** Opening Excerpted data block **
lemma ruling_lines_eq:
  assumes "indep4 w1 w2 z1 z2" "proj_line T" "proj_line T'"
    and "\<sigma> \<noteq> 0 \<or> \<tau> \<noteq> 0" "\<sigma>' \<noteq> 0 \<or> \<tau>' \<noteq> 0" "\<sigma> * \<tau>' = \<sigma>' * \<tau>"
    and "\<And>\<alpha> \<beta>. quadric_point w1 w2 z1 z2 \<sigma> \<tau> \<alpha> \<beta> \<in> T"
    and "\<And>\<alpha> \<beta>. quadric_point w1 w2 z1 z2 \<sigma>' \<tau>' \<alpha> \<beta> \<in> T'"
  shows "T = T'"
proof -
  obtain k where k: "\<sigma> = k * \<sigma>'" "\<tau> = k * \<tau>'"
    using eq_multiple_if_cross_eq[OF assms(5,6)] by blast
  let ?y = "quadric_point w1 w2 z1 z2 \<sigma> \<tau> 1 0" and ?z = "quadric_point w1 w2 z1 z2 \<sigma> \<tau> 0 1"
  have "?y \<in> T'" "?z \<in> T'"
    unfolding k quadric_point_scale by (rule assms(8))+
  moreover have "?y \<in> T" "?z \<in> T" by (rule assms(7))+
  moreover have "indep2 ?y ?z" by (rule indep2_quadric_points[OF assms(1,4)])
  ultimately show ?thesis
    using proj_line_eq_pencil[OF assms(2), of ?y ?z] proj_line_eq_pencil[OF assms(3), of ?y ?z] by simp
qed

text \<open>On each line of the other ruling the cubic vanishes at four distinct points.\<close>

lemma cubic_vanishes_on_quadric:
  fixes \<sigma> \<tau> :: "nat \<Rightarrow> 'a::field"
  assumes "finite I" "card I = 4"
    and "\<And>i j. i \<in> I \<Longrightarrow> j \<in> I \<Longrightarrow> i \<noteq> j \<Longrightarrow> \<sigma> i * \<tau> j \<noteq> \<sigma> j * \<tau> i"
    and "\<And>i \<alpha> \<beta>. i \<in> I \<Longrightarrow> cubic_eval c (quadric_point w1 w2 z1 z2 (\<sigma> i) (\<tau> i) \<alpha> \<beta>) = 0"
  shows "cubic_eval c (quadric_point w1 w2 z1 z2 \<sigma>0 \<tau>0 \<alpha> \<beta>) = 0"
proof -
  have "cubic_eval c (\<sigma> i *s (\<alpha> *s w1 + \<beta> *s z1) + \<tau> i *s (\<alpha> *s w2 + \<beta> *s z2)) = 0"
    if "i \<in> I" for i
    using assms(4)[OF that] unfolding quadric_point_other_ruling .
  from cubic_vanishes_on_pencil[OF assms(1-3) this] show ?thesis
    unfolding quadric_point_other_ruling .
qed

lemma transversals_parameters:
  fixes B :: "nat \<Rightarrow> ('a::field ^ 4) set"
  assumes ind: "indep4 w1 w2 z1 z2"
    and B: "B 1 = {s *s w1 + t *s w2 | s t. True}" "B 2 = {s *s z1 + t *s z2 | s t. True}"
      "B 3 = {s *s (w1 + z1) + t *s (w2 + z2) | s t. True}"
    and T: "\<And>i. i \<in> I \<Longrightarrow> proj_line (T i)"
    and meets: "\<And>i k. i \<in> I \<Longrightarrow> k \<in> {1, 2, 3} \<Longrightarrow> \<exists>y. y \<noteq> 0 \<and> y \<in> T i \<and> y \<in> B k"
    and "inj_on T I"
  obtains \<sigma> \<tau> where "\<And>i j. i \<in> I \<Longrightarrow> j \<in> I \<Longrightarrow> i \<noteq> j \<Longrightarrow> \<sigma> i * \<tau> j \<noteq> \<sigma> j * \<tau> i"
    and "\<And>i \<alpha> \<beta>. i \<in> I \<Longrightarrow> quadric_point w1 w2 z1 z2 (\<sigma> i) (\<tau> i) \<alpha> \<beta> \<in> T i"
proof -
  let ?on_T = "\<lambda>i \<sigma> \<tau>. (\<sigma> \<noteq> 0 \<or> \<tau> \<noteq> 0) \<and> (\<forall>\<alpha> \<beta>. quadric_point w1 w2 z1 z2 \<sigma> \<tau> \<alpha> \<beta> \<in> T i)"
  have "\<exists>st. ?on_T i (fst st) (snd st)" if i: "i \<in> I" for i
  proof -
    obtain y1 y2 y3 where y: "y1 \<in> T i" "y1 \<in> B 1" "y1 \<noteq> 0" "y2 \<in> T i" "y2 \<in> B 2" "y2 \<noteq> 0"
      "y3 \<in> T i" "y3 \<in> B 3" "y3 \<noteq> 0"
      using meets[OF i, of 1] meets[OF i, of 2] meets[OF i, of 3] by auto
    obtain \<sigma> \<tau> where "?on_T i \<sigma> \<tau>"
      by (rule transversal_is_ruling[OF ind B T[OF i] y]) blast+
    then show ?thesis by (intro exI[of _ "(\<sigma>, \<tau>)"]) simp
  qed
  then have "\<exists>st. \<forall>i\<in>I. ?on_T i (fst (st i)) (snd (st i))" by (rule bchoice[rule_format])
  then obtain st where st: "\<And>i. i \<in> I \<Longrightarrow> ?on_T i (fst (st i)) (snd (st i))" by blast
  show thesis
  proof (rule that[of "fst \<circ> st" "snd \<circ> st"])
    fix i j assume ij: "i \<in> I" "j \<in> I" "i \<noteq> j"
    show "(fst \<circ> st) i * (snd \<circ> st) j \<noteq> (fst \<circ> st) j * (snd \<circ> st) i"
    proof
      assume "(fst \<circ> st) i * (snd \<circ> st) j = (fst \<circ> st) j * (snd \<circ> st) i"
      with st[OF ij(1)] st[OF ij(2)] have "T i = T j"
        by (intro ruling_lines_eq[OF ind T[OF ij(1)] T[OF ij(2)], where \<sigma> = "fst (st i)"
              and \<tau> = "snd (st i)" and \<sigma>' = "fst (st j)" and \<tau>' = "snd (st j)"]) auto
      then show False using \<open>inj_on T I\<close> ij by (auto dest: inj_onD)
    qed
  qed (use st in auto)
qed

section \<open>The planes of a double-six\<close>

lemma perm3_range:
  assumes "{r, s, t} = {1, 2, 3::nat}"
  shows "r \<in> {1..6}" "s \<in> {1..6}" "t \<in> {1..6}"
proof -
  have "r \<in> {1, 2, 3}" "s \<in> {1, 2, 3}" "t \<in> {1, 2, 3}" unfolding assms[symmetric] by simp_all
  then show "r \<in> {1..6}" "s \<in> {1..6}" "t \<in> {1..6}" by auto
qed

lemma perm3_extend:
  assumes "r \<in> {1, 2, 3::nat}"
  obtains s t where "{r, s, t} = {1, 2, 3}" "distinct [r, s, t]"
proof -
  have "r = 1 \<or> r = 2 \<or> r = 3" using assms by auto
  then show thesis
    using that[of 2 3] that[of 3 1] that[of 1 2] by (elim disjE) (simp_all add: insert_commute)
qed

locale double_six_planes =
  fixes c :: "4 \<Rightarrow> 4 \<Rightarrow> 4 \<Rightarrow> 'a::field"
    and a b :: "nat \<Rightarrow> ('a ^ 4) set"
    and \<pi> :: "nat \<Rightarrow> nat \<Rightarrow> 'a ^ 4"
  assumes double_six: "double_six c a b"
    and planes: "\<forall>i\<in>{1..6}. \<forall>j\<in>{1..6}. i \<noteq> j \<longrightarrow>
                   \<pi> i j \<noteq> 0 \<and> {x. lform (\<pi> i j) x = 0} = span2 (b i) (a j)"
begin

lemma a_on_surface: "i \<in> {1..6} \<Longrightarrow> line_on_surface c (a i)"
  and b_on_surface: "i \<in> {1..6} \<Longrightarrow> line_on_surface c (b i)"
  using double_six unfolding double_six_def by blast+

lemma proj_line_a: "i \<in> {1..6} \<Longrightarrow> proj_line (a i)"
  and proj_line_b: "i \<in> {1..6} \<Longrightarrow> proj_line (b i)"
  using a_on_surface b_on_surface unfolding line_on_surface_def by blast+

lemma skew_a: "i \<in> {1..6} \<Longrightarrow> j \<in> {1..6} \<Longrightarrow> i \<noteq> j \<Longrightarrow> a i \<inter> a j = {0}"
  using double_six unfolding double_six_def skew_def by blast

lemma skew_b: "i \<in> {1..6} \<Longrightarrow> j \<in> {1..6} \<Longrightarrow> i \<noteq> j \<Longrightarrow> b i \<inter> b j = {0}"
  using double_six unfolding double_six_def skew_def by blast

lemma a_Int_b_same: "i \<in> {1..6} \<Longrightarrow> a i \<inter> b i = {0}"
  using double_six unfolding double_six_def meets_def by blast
** Closing Excerpted data block **
** Opening Excerpted data block **
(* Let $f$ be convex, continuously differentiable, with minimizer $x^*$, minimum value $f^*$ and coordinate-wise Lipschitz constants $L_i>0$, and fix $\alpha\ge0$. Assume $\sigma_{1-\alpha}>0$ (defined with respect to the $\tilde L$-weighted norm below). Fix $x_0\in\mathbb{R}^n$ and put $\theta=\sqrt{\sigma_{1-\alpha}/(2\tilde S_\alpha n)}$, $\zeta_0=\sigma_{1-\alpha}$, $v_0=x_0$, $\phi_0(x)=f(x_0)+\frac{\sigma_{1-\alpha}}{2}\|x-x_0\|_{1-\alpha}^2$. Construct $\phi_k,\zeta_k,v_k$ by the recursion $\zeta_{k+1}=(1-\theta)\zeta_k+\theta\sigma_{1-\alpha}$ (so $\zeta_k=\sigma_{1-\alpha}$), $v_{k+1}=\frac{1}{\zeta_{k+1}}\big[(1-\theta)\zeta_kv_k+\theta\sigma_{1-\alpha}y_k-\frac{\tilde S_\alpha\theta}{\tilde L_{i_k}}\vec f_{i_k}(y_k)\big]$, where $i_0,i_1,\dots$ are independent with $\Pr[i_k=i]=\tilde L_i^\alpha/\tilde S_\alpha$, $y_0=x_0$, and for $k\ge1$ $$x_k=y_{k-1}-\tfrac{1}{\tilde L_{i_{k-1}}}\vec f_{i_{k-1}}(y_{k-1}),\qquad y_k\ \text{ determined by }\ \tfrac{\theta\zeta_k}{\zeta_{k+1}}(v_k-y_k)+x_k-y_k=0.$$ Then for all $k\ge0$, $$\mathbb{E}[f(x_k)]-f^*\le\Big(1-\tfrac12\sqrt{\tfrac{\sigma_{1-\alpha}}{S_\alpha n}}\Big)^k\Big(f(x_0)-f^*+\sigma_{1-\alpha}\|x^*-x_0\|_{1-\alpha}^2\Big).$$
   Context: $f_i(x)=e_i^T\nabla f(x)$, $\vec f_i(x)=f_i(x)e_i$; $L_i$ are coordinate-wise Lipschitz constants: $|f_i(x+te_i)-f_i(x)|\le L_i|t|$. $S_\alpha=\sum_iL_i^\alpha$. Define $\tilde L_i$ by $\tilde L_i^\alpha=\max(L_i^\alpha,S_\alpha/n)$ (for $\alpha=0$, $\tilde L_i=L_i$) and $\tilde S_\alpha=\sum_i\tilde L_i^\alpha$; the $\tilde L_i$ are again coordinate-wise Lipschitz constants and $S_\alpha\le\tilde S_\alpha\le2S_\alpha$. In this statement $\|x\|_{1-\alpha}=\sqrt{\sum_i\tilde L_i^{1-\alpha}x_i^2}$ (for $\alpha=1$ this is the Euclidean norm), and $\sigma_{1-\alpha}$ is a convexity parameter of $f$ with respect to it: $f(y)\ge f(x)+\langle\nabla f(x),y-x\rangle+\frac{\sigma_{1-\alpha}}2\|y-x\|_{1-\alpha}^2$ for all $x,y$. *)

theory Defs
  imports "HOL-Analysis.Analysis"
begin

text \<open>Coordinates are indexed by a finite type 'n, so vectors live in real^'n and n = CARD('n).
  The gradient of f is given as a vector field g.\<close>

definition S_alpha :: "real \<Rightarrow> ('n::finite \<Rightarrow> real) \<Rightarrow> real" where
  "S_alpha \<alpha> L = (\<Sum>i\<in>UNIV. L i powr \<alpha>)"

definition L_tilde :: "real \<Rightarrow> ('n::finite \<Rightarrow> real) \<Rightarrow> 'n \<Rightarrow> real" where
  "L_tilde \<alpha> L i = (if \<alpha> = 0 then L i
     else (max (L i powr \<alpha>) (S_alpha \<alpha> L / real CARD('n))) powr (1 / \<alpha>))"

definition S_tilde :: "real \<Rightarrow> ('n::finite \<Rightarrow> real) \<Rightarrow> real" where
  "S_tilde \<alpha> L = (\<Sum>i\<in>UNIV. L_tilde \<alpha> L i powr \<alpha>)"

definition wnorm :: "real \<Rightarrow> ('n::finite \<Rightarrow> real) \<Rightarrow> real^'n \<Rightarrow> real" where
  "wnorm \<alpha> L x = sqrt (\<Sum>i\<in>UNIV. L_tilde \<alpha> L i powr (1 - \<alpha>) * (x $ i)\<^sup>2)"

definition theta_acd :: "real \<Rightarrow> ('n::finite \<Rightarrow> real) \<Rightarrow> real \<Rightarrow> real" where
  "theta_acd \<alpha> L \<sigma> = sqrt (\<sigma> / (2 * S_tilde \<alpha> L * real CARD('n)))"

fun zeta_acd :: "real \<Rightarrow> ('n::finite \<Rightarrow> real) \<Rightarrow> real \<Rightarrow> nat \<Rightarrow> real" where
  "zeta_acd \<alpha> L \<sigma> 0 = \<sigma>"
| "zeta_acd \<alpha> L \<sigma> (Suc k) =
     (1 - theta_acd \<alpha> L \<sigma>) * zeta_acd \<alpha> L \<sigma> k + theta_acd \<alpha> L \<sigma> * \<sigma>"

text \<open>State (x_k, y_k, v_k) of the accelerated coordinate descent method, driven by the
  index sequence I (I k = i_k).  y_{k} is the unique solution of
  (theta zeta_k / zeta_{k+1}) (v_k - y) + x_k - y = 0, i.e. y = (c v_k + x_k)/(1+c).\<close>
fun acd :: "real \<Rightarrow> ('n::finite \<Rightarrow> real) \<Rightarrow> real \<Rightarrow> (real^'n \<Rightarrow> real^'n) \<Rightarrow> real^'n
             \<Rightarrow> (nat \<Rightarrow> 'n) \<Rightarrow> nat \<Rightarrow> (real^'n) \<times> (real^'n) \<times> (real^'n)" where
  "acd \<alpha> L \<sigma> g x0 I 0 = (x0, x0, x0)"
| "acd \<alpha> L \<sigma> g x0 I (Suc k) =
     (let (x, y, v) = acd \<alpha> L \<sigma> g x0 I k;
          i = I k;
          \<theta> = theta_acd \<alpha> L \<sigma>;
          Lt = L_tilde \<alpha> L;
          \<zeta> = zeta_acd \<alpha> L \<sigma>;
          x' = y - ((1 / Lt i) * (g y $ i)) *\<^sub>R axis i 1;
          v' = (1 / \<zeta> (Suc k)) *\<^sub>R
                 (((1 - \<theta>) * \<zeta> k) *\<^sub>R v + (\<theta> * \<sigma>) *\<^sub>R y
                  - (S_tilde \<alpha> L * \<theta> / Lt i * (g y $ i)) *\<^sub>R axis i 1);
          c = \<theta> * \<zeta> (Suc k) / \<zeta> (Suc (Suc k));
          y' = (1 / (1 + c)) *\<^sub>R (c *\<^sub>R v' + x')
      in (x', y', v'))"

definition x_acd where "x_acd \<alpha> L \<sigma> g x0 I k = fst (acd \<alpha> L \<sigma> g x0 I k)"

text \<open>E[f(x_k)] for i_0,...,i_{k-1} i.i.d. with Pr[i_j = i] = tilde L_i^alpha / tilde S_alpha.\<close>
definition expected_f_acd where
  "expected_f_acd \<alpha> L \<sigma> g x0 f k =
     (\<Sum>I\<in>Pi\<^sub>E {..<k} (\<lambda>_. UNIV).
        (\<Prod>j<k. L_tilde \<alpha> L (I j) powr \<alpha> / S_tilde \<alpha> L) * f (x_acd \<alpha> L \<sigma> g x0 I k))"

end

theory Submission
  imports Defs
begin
** Closing Excerpted data block **
** Opening Excerpted data block **
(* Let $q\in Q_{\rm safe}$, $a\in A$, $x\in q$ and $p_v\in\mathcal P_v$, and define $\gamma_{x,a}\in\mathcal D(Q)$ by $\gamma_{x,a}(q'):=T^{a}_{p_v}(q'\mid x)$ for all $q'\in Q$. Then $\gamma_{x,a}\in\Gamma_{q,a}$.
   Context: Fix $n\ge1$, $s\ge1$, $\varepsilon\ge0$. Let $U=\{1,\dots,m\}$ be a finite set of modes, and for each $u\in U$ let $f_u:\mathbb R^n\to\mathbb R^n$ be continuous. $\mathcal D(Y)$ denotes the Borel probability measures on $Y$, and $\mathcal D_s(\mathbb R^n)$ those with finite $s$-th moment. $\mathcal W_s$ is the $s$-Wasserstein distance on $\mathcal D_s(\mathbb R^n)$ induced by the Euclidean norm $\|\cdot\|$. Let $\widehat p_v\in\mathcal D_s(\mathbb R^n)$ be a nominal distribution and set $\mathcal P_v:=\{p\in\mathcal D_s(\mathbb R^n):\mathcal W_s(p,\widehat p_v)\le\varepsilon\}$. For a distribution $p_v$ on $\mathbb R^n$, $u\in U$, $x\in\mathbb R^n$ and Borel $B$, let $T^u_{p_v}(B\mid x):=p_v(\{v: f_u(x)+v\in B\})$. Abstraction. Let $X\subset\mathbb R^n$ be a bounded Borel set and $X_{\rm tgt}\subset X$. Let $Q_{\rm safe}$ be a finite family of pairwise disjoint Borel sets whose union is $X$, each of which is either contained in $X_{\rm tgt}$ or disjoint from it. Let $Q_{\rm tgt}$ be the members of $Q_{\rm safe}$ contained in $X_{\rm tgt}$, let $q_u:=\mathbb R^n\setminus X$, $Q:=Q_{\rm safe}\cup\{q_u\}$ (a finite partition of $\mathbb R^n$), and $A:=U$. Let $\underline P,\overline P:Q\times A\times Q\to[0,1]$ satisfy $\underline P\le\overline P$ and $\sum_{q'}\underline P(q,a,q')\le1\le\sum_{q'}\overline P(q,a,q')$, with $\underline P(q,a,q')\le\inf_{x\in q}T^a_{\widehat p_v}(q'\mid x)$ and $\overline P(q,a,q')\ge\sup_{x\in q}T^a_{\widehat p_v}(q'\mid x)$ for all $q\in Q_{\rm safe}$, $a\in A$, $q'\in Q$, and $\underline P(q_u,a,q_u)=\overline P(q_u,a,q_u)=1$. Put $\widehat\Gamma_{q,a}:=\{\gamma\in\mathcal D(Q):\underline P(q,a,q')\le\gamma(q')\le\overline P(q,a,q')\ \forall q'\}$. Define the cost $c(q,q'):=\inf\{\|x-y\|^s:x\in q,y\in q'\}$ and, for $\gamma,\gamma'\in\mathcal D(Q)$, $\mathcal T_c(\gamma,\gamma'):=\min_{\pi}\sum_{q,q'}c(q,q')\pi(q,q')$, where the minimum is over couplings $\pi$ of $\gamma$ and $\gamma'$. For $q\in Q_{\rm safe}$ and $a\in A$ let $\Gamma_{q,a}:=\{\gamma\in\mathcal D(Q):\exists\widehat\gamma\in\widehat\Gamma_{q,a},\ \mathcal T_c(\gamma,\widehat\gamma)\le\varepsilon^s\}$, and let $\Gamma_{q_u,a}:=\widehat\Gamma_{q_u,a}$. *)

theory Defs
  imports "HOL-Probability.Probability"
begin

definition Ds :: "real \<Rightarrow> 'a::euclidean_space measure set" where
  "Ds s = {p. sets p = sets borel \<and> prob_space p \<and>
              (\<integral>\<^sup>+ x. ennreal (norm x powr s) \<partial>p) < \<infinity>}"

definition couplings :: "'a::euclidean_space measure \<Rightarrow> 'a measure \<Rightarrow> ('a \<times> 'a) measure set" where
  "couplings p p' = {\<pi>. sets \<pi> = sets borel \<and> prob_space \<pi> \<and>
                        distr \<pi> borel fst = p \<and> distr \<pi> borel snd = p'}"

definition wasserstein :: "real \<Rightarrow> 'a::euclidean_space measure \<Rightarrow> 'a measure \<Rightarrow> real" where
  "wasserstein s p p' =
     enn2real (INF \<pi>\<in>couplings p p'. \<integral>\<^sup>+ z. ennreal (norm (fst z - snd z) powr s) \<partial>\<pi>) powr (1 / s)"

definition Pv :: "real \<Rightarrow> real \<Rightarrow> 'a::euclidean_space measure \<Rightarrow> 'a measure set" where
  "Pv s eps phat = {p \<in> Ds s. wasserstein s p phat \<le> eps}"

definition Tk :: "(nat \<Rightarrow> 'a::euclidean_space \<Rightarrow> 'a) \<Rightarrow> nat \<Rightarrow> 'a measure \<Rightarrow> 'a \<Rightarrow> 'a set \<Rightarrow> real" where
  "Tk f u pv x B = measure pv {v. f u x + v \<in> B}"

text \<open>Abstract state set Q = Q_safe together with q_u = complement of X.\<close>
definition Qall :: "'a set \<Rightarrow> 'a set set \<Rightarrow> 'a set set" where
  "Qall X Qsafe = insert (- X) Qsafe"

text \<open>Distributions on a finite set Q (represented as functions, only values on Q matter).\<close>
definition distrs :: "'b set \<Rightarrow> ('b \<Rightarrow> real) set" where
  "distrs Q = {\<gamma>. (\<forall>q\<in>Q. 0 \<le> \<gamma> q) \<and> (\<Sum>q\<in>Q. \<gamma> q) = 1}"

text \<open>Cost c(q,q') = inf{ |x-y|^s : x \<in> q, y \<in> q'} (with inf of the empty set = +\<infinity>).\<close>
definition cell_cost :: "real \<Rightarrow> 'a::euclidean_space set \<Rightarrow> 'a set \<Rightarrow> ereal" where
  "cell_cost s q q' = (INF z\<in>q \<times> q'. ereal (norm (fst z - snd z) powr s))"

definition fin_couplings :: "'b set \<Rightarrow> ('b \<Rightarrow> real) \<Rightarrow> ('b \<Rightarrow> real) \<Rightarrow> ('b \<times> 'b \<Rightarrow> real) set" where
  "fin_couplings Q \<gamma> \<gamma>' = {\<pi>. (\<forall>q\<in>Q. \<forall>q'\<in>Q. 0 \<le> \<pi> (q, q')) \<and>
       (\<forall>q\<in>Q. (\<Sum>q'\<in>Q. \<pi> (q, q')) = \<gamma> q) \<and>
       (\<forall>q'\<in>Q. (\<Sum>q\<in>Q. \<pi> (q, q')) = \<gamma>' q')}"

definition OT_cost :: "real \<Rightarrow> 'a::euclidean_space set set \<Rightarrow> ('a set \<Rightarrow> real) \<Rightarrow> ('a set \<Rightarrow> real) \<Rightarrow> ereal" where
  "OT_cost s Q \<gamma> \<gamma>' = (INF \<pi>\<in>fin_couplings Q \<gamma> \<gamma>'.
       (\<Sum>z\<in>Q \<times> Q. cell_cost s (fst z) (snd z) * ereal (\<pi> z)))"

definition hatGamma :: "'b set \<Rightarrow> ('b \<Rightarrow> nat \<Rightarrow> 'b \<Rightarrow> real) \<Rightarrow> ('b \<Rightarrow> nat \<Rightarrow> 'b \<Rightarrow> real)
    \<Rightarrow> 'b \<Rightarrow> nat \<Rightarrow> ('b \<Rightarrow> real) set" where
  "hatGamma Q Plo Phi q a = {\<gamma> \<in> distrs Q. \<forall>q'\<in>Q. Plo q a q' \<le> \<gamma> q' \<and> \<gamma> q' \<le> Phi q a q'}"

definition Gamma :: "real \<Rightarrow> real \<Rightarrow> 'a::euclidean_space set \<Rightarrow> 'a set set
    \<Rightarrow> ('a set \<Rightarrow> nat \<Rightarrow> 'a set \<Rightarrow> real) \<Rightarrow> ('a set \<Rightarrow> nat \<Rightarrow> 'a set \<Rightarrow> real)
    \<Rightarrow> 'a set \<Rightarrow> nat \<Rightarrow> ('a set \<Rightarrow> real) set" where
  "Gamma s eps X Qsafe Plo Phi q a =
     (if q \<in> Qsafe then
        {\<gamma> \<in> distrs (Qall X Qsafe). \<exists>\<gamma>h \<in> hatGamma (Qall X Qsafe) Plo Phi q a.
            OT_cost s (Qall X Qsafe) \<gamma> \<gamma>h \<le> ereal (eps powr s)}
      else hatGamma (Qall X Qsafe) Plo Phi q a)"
** Closing Excerpted data block **
*Exercise goal*: Above are the entries. Quote exactly the lines from the one bearing "(if \<alpha> = 0 then L i" through the one bearing "sqrt (\<sigma> /".

*Solution to the exercise*:
  "L_tilde \<alpha> L i = (if \<alpha> = 0 then L i
     else (max (L i powr \<alpha>) (S_alpha \<alpha> L / real CARD('n))) powr (1 / \<alpha>))"

definition S_tilde :: "real \<Rightarrow> ('n::finite \<Rightarrow> real) \<Rightarrow> real" where
  "S_tilde \<alpha> L = (\<Sum>i\<in>UNIV. L_tilde \<alpha> L i powr \<alpha>)"

definition wnorm :: "real \<Rightarrow> ('n::finite \<Rightarrow> real) \<Rightarrow> real^'n \<Rightarrow> real" where
  "wnorm \<alpha> L x = sqrt (\<Sum>i\<in>UNIV. L_tilde \<alpha> L i powr (1 - \<alpha>) * (x $ i)\<^sup>2)"

definition theta_acd :: "real \<Rightarrow> ('n::finite \<Rightarrow> real) \<Rightarrow> real \<Rightarrow> real" where
  "theta_acd \<alpha> L \<sigma> = sqrt (\<sigma> / (2 * S_tilde \<alpha> L * real CARD('n)))"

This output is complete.